Thales Seso dans la course pour équiper le télescope européen ELT

ESO

Le spécialiste mondial de composants optiques de haute technologie a mis au point un procédé de réalisation automatisée du polissage des miroirs. Cette technologie réduit les délais et les coûts. Dès lors il peut envisager de répondre (avec succès) à l’appel d’offre de l’Observatoire européen austral (ESO) pour construire le plus grand miroir jamais installé. Désormais il y a lieu de suivre le déroulé de cette spectaculaire compétition économique.

Le projet du futur télescope géant ELT constitue en premier lieu un formidable challenge technique. Le réputé LAM (Laboratoire d’Astrophysique de Marseille) a su respecter le cahier des charges de l’ESO pour résoudre la réalisation du plus grand miroir de télescope (39 mètres de diamètre). Et de souligner le partenariat tissé avec Thales Seso. En effet, depuis le début de l’année, les responsables du LAM communiquent sur leur prototype, attendant l’homologation par l’instance européenne. Dans le même temps, l’ESO a reçu un feu vert de son conseil technique pour la réalisation de la première phase cet équipement devant être construit au Chili dans le désert d’Atacama là où se trouve déjà le VL télescope.

Thales Seso s’est montré plus discret mais le groupe a tenu à souligner également l’efficacité de sa collaboration avec le LAM  par une simple communication sur son site en décembre dernier vantant les réponses technologiques développées pour le polissage des miroirs et dévoilant un enjeu technologique (stratégique) : « Un des développements en suspens est la faisabilité du polissage du Extremely Large Telescope où plus de 1 000 segments hexagonaux d’environ 1,5 m doivent être produites en moins de 3 ans. »

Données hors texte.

(* Let $F:\mathbb{R}^n\to\mathbb{R}$ be $C^2$, let $\mathbf{e}_i$ be one of the standard coordinate unit vectors, and let $L$ be a line parallel to $\mathbf{e}_i$. Suppose $\mathbf{x}^*\in L$ is a local maximum of $F$ in the $\mathbf{e}_i$ direction (i.e. there is $\varepsilon_1>0$ with $F(\mathbf{x}^*+c\,\mathbf{e}_i)<F(\mathbf{x}^* )$ for all $0<|c|<\varepsilon_1$) and that $\frac{\partial^2 F}{\partial \mathbf{e}_i^2}(\mathbf{x}^* )<0$. Then there exists $\epsilon>0$ such that for every orthogonal grid of spacing $dx<\epsilon$ having $L$ as one of its grid lines, there is a grid ridge point $\mathbf{x}^g$ of $F$ with $\|\mathbf{x}^*-\mathbf{x}^g\|\le dx$.
   Context: An orthogonal grid of spacing $dx$ in $\mathbb{R}^n$ is a set of points $\mathbf{p}+dx\,\mathbb{Z}^n$ with coordinate directions $\mathbf{e}_1,\dots,\mathbf{e}_n$; its grid lines are the lines through grid points parallel to some $\mathbf{e}_k$. A grid point $\mathbf{x}_0$ is a grid ridge point of $F$ if $F(\mathbf{x}_0)\ge F(\mathbf{x}_0\pm dx\,\mathbf{e}_k)$ (both signs) for at least one $k\in\{1,\dots,n\}$. *)

theory Defs
  imports "HOL-Analysis.Analysis"
begin

definition C2 :: "('a::euclidean_space \<Rightarrow> real) \<Rightarrow> bool" where
  "C2 F \<longleftrightarrow> (\<exists>(F' :: 'a \<Rightarrow> 'a \<Rightarrow>\<^sub>L real) (F'' :: 'a \<Rightarrow> 'a \<Rightarrow>\<^sub>L ('a \<Rightarrow>\<^sub>L real)).
      (\<forall>x. (F has_derivative blinfun_apply (F' x)) (at x) \<and>
           (F' has_derivative blinfun_apply (F'' x)) (at x)) \<and>
      continuous_on UNIV F'')"

definition dir_deriv :: "('a::real_normed_vector \<Rightarrow> real) \<Rightarrow> 'a \<Rightarrow> 'a \<Rightarrow> real" where
  "dir_deriv F e y = deriv (\<lambda>t. F (y + t *\<^sub>R e)) 0"

definition dir_deriv2 :: "('a::real_normed_vector \<Rightarrow> real) \<Rightarrow> 'a \<Rightarrow> 'a \<Rightarrow> real" where
  "dir_deriv2 F e x = deriv (\<lambda>s. dir_deriv F e (x + s *\<^sub>R e)) 0"

definition grid :: "'a::euclidean_space \<Rightarrow> real \<Rightarrow> 'a set" where
  "grid p dx = {x. \<exists>z :: 'a \<Rightarrow> int. x = p + (\<Sum>b\<in>Basis. (dx * of_int (z b)) *\<^sub>R b)}"

definition grid_lines :: "'a::euclidean_space \<Rightarrow> real \<Rightarrow> 'a set set" where
  "grid_lines p dx = {{g + t *\<^sub>R b | t. True} | g b. g \<in> grid p dx \<and> b \<in> Basis}"

definition grid_ridge_point :: "('a::euclidean_space \<Rightarrow> real) \<Rightarrow> 'a \<Rightarrow> real \<Rightarrow> 'a \<Rightarrow> bool" where
  "grid_ridge_point F p dx x0 \<longleftrightarrow> x0 \<in> grid p dx \<and>
     (\<exists>k\<in>Basis. F x0 \<ge> F (x0 + dx *\<^sub>R k) \<and> F x0 \<ge> F (x0 - dx *\<^sub>R k))"

end

theory Submission imports Defs begin

text \<open>Restrict F to the line L, f c = F (x* + c e_i). Since f' (0) = 0 and f'' (0) < 0,
  f' is nonnegative just left of 0 and nonpositive just right of it, so f is nondecreasing on
  (-\<delta>, 0] and nonincreasing on [0, \<delta>). A grid having L as a grid line meets L in a
  progression of step dx; of its two consecutive points c \<le> 0 < c + dx, the one where f is
  larger is a grid ridge point in direction e_i as soon as 2 dx < \<delta>.\<close>

lemma has_vector_derivative_along_line:
  assumes "(F has_derivative D) (at (y + t *\<^sub>R e))"
  shows "((\<lambda>t. F (y + t *\<^sub>R e)) has_vector_derivative D e) (at t)"
proof -
  have "((\<lambda>t. y + t *\<^sub>R e) has_derivative (\<lambda>h. h *\<^sub>R e)) (at t)"
    by (auto intro!: derivative_eq_intros)
  from has_derivative_compose[OF this assms] show ?thesis
    using linear_cmul[OF has_derivative_linear[OF assms]]
    by (simp add: has_vector_derivative_def)
qed

lemma C2_line_derivatives:
  fixes F :: "'a::euclidean_space \<Rightarrow> real"
  assumes "C2 F"
  obtains h where "\<And>c. ((\<lambda>c. F (x + c *\<^sub>R e)) has_real_derivative h c) (at c)"
    and "(h has_real_derivative dir_deriv2 F e x) (at 0)"
proof -
  obtain F' F'' where F': "\<And>y. (F has_derivative blinfun_apply (F' y)) (at y)"
    and F'': "\<And>y. (F' has_derivative blinfun_apply (F'' y)) (at y)"
    using assms unfolding C2_def by blast
  define h where "h s = blinfun_apply (F' (x + s *\<^sub>R e)) e" for s
  have h: "((\<lambda>c. F (x + c *\<^sub>R e)) has_real_derivative h c) (at c)" for c
    unfolding h_def has_real_derivative_iff_has_vector_derivative
    by (rule has_vector_derivative_along_line[OF F'[of "x + c *\<^sub>R e"]])
  have "((\<lambda>s. F' (x + s *\<^sub>R e)) has_vector_derivative F'' x e) (at 0)"
    using has_vector_derivative_along_line[OF F''[of "x + 0 *\<^sub>R e"]] by simp
  from bounded_linear.has_vector_derivative[OF bounded_linear_apply_blinfun[of e] this]
  have h': "(h has_real_derivative F'' x e e) (at 0)"
    unfolding h_def has_real_derivative_iff_has_vector_derivative .
  have "dir_deriv F e y = F' y e" for y
    using has_vector_derivative_along_line[OF F'[of "y + 0 *\<^sub>R e"]]
    unfolding dir_deriv_def has_real_derivative_iff_has_vector_derivative[symmetric]
    by (simp add: DERIV_imp_deriv)
  then have "dir_deriv2 F e x = F'' x e e"
    using h' unfolding dir_deriv2_def h_def by (simp add: DERIV_imp_deriv)
  with h h' show ?thesis using that by metis
qed

lemma has_real_derivative_neg_sign_change:
  fixes h :: "real \<Rightarrow> real"
  assumes "(h has_real_derivative D) (at x)" "h x = 0" "D < 0"
  obtains \<delta> where "\<delta> > 0"
    and "\<And>y. x - \<delta> < y \<Longrightarrow> y \<le> x \<Longrightarrow> 0 \<le> h y"
    and "\<And>y. x \<le> y \<Longrightarrow> y < x + \<delta> \<Longrightarrow> h y \<le> 0"
proof -
  have "((\<lambda>y. (h y - h x) / (y - x)) \<longlongrightarrow> D) (at x)"
    using assms(1) has_field_derivative_iff by blast
  then have "eventually (\<lambda>y. h y / (y - x) < 0) (at x)"
    using order_tendstoD(2)[OF _ assms(3)] assms(2) by simp
  then obtain \<delta> where "\<delta> > 0" and \<delta>: "\<And>y. y \<noteq> x \<Longrightarrow> dist y x < \<delta> \<Longrightarrow> h y / (y - x) < 0"
    unfolding eventually_at by blast
  show ?thesis
  proof
    show "0 \<le> h y" if "x - \<delta> < y" "y \<le> x" for y
      using \<delta>[of y] that assms(2) by (cases "y = x") (auto simp: dist_real_def divide_less_0_iff)
    show "h y \<le> 0" if "x \<le> y" "y < x + \<delta>" for y
      using \<delta>[of y] that assms(2) by (cases "y = x") (auto simp: dist_real_def divide_less_0_iff)
  qed fact
qed

lemma unimodal_near_nondegenerate_local_max:
  fixes f h :: "real \<Rightarrow> real"
  assumes f': "\<And>c. (f has_real_derivative h c) (at c)"
    and "e > 0" "\<And>y. \<bar>x - y\<bar> < e \<Longrightarrow> f y \<le> f x"
    and "(h has_real_derivative D) (at x)" "D < 0"
  obtains \<delta> where "\<delta> > 0"
    and "\<And>y z. x - \<delta> < y \<Longrightarrow> y \<le> z \<Longrightarrow> z \<le> x \<Longrightarrow> f y \<le> f z"
    and "\<And>y z. x \<le> y \<Longrightarrow> y \<le> z \<Longrightarrow> z < x + \<delta> \<Longrightarrow> f z \<le> f y"
proof -
  have "h x = 0"
    using DERIV_local_max[OF f' assms(2)] assms(3) by blast
  then obtain \<delta> where "\<delta> > 0"
    and left: "\<And>y. x - \<delta> < y \<Longrightarrow> y \<le> x \<Longrightarrow> 0 \<le> h y"
    and right: "\<And>y. x \<le> y \<Longrightarrow> y < x + \<delta> \<Longrightarrow> h y \<le> 0"
    using has_real_derivative_neg_sign_change[OF assms(4) _ assms(5)] by blast
  show ?thesis
  proof
    show "f y \<le> f z" if "x - \<delta> < y" "y \<le> z" "z \<le> x" for y z
    proof (rule DERIV_nonneg_imp_nondecreasing[OF \<open>y \<le> z\<close>])
      fix t assume "y \<le> t" "t \<le> z"
      then show "\<exists>d. (f has_real_derivative d) (at t) \<and> 0 \<le> d"
        using f'[of t] left[of t] that by auto
    qed
    show "f z \<le> f y" if "x \<le> y" "y \<le> z" "z < x + \<delta>" for y z
    proof (rule DERIV_nonpos_imp_nonincreasing[OF \<open>y \<le> z\<close>])
      fix t assume "y \<le> t" "t \<le> z"
      then show "\<exists>d. (f has_real_derivative d) (at t) \<and> d \<le> 0"
        using f'[of t] right[of t] that by auto
    qed
  qed fact
qed

lemma unimodal_discrete_local_max:
  fixes f :: "real \<Rightarrow> real"
  assumes "0 < dx" "2 * dx < \<delta>"
    and incr: "\<And>y z. x - \<delta> < y \<Longrightarrow> y \<le> z \<Longrightarrow> z \<le> x \<Longrightarrow> f y \<le> f z"
    and decr: "\<And>y z. x \<le> y \<Longrightarrow> y \<le> z \<Longrightarrow> z < x + \<delta> \<Longrightarrow> f z \<le> f y"
  obtains k :: int where "\<bar>dx * k - t - x\<bar> \<le> dx"
    and "f (dx * k - t - dx) \<le> f (dx * k - t)" and "f (dx * k - t + dx) \<le> f (dx * k - t)"
proof -
  define k where "k = \<lfloor>(t + x) / dx\<rfloor>"
  define c where "c = dx * k - t"
  have "dx * k \<le> t + x" "t + x < dx * k + dx"
    using \<open>0 < dx\<close> floor_divide_lower[of dx "t + x"] floor_divide_upper[of dx "t + x"]
    unfolding k_def by (simp_all add: algebra_simps)
  then have c: "x - dx < c" "c \<le> x"
    unfolding c_def by linarith+
  have c_incr: "f (c - dx) \<le> f c"
    using c assms(1,2) by (intro incr) auto
  have c'_decr: "f (c + dx + dx) \<le> f (c + dx)"
    using c assms(1,2) by (intro decr) auto
  have shift: "dx * of_int (k + 1) - t = c + dx"
    unfolding c_def by (simp add: algebra_simps)
  show ?thesis
  proof (cases "f (c + dx) \<le> f c")
    case True
    with c c_incr show ?thesis
      using that[of k] unfolding c_def by auto
  next
    case False
    with c c'_decr show ?thesis
      using that[of "k + 1"] unfolding shift by auto
  qed
qed

lemma grid_add_Basis:
  assumes "g \<in> grid p dx" "b \<in> Basis"
  shows "g + (dx * of_int k) *\<^sub>R b \<in> grid p dx"
proof -
  obtain z where z: "g = p + (\<Sum>i\<in>Basis. (dx * of_int (z i)) *\<^sub>R i)"
    using assms(1) unfolding grid_def by auto
  define z' where "z' i = z i + (if i = b then k else 0)" for i
  have "(\<Sum>i\<in>Basis. (dx * of_int (z' i)) *\<^sub>R i)
      = (\<Sum>i\<in>Basis. (dx * of_int (z i)) *\<^sub>R i + (if i = b then (dx * of_int k) *\<^sub>R b else 0))"
    unfolding z'_def by (intro sum.cong) (auto simp: algebra_simps)
  also have "\<dots> = (\<Sum>i\<in>Basis. (dx * of_int (z i)) *\<^sub>R i) + (dx * of_int k) *\<^sub>R b"
    using assms(2) by (simp add: sum.distrib)
  finally show ?thesis
    unfolding grid_def using z by (auto intro!: exI[of _ z'] simp: algebra_simps)
qed

lemma Basis_line_eq_imp_eq:
  assumes "e \<in> Basis" "b \<in> Basis"
    and "{a + t *\<^sub>R e | t. True} = {g + t *\<^sub>R b | t. True}"
  shows "b = e"
proof (rule ccontr)
  assume "b \<noteq> e"
  have "g \<in> {a + t *\<^sub>R e | t. True}"
    using assms(3) by (metis (mono_tags, lifting) mem_Collect_eq scale_zero_left add_0_right)
  then obtain t0 where "g = a + t0 *\<^sub>R e"
    by auto
  have "g + 1 *\<^sub>R b \<in> {a + t *\<^sub>R e | t. True}"
    using assms(3) by blast
  then obtain t1 where "g + b = a + t1 *\<^sub>R e"
    by auto
  with \<open>g = a + t0 *\<^sub>R e\<close> have "b = (t1 - t0) *\<^sub>R e"
    by (simp add: algebra_simps)
  moreover have "b \<bullet> e = 0"
    using \<open>b \<noteq> e\<close> assms(1,2) inner_not_same_Basis by blast
  ultimately have "b = 0"
    using assms(1) by simp
  with assms(2) show False
    using nonzero_Basis by blast
qed

lemma grid_line_parallel_Basis:
  assumes "e \<in> Basis" "{a + t *\<^sub>R e | t. True} \<in> grid_lines p dx"
  obtains g where "g \<in> grid p dx" and "{a + t *\<^sub>R e | t. True} = {g + t *\<^sub>R e | t. True}"
proof -
  obtain g b where g: "g \<in> grid p dx" and b: "b \<in> Basis"
    and L: "{a + t *\<^sub>R e | t. True} = {g + t *\<^sub>R b | t. True}"
    using assms(2) unfolding grid_lines_def by blast
  have "b = e"
    using Basis_line_eq_imp_eq[OF assms(1) b L] .
  with g L show ?thesis
    using that by blast
qed

lemma grid_ridge_point_near_unimodal_max:
  fixes F :: "'a::euclidean_space \<Rightarrow> real"
  assumes "e \<in> Basis" "{a + t *\<^sub>R e | t. True} \<in> grid_lines p dx" "x \<in> {a + t *\<^sub>R e | t. True}"
    and "0 < dx" "2 * dx < \<delta>"
    and incr: "\<And>y z. - \<delta> < y \<Longrightarrow> y \<le> z \<Longrightarrow> z \<le> 0 \<Longrightarrow> F (x + y *\<^sub>R e) \<le> F (x + z *\<^sub>R e)"
    and decr: "\<And>y z. 0 \<le> y \<Longrightarrow> y \<le> z \<Longrightarrow> z < \<delta> \<Longrightarrow> F (x + z *\<^sub>R e) \<le> F (x + y *\<^sub>R e)"
  shows "\<exists>xg. grid_ridge_point F p dx xg \<and> norm (x - xg) \<le> dx"
proof -
  define f where "f c = F (x + c *\<^sub>R e)" for c
  obtain g where g: "g \<in> grid p dx" and "{a + t *\<^sub>R e | t. True} = {g + t *\<^sub>R e | t. True}"
    using grid_line_parallel_Basis[OF assms(1,2)] .
  then obtain t where x: "x = g + t *\<^sub>R e"
    using assms(3) by auto
  obtain k :: int where k: "\<bar>dx * k - t\<bar> \<le> dx"
    "f (dx * k - t - dx) \<le> f (dx * k - t)" "f (dx * k - t + dx) \<le> f (dx * k - t)"
    using unimodal_discrete_local_max[of dx \<delta> 0 f t] assms(4,5) incr decr
    unfolding f_def by auto
  define xg where "xg = x + (dx * k - t) *\<^sub>R e"
  have "xg = g + (dx * k) *\<^sub>R e"
    unfolding xg_def x by (simp add: algebra_simps)
  then have "xg \<in> grid p dx"
    using grid_add_Basis[OF g assms(1)] by simp
  moreover have "F xg = f (dx * k - t)"
    "F (xg + dx *\<^sub>R e) = f (dx * k - t + dx)" "F (xg - dx *\<^sub>R e) = f (dx * k - t - dx)"
    unfolding f_def xg_def by (simp_all add: algebra_simps)
  ultimately have "grid_ridge_point F p dx xg"
    unfolding grid_ridge_point_def using assms(1) k(2,3) by (intro conjI bexI[of _ e]) auto
  moreover have "norm (x - xg) \<le> dx"
    using k(1) assms(1) unfolding xg_def by simp
  ultimately show ?thesis
    by blast
qed

theorem theorem1:
  fixes F :: "'a::euclidean_space \<Rightarrow> real" and ei a xs :: 'a and L :: "'a set"
  assumes "C2 F"
    and "ei \<in> Basis"
    and "L = {a + t *\<^sub>R ei | t. True}"
    and "xs \<in> L"
    and "\<exists>\<epsilon>1>0. \<forall>c. 0 < \<bar>c\<bar> \<and> \<bar>c\<bar> < \<epsilon>1 \<longrightarrow> F (xs + c *\<^sub>R ei) < F xs"
    and "dir_deriv2 F ei xs < 0"
  shows "\<exists>\<epsilon>>0. \<forall>p dx. 0 < dx \<and> dx < \<epsilon> \<and> L \<in> grid_lines p dx \<longrightarrow>
           (\<exists>xg. grid_ridge_point F p dx xg \<and> norm (xs - xg) \<le> dx)"
proof -
  define f where "f c = F (xs + c *\<^sub>R ei)" for c
  obtain h where f': "\<And>c. (f has_real_derivative h c) (at c)"
    and h': "(h has_real_derivative dir_deriv2 F ei xs) (at 0)"
    using C2_line_derivatives[OF assms(1)] unfolding f_def by blast
  obtain e1 where "e1 > 0" and e1: "\<And>c. 0 < \<bar>c\<bar> \<Longrightarrow> \<bar>c\<bar> < e1 \<Longrightarrow> f c < f 0"
    using assms(5) unfolding f_def by auto
  have "f y \<le> f 0" if "\<bar>0 - y\<bar> < e1" for y
    using e1[of y] that by (cases "y = 0") auto
  then obtain \<delta> where "\<delta> > 0"
    and "\<And>y z. - \<delta> < y \<Longrightarrow> y \<le> z \<Longrightarrow> z \<le> 0 \<Longrightarrow> f y \<le> f z"
    and "\<And>y z. 0 \<le> y \<Longrightarrow> y \<le> z \<Longrightarrow> z < \<delta> \<Longrightarrow> f z \<le> f y"
    using unimodal_near_nondegenerate_local_max[OF f' \<open>e1 > 0\<close> _ h' assms(6)] by auto
  then have "\<exists>xg. grid_ridge_point F p dx xg \<and> norm (xs - xg) \<le> dx"
    if "0 < dx" "dx < \<delta> / 2" "L \<in> grid_lines p dx" for p dx
    using that assms(2-4)
    by (intro grid_ridge_point_near_unimodal_max[where \<delta> = \<delta>]) (auto simp: f_def)
  with \<open>\<delta> > 0\<close> show ?thesis
    by (intro exI[of _ "\<delta> / 2"]) auto
qed

end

L’aixois Thales Seso est bel et bien dans la course et réaffirme son atout de maîtriser une technologie automatisée pour ce type de produits. En effet, le cahier des charges demandé au LAM par l’ESO est de réaliser le miroir de ce télescope dont la parabole, comprenant plus de 800 facettes, doit faire converger la lumière en un seul point. Il rappelle que cette collaboration dure depuis plus de 30 ans et l’entreprise aixoise de préciser qu’elle fabrique « l’optique basé sur un concept André Baranne (LAM Astronome) du spectromètre ELODIE qui a été utilisé pour voir la première exoplanète. » L’une des missions scientifiques du futur E-ELT est justement la découverte des exoplanètes. »

L’expression de cet intérêt est appuyée par la réputation revendiquée par l’entreprise dans les domaines de l’espace, l’astronomie, la science, X-Ray et systèmes de test : « nos systèmes optiques sont montés sur certains des satellites les plus renommés (Pléiades, Kompsat 3, Spot, Jason, Saral. »

Le polissage du miroir comprenant jusqu’à 30 couches de vitrocéramique est une technologie étudiée par le LAM

Le polissage du miroir comprenant jusqu’à 30 couches de vitrocéramique est une technologie étudiée par le LAM

Les responsables scientifiques du LAM, soucieux de voir les Européens remporter la course aux grands télescopes devant leur concurrents américains, se montrent plus directs. Le projet européen va demander un effort d’’investissement de plus de 1 milliard d’euros.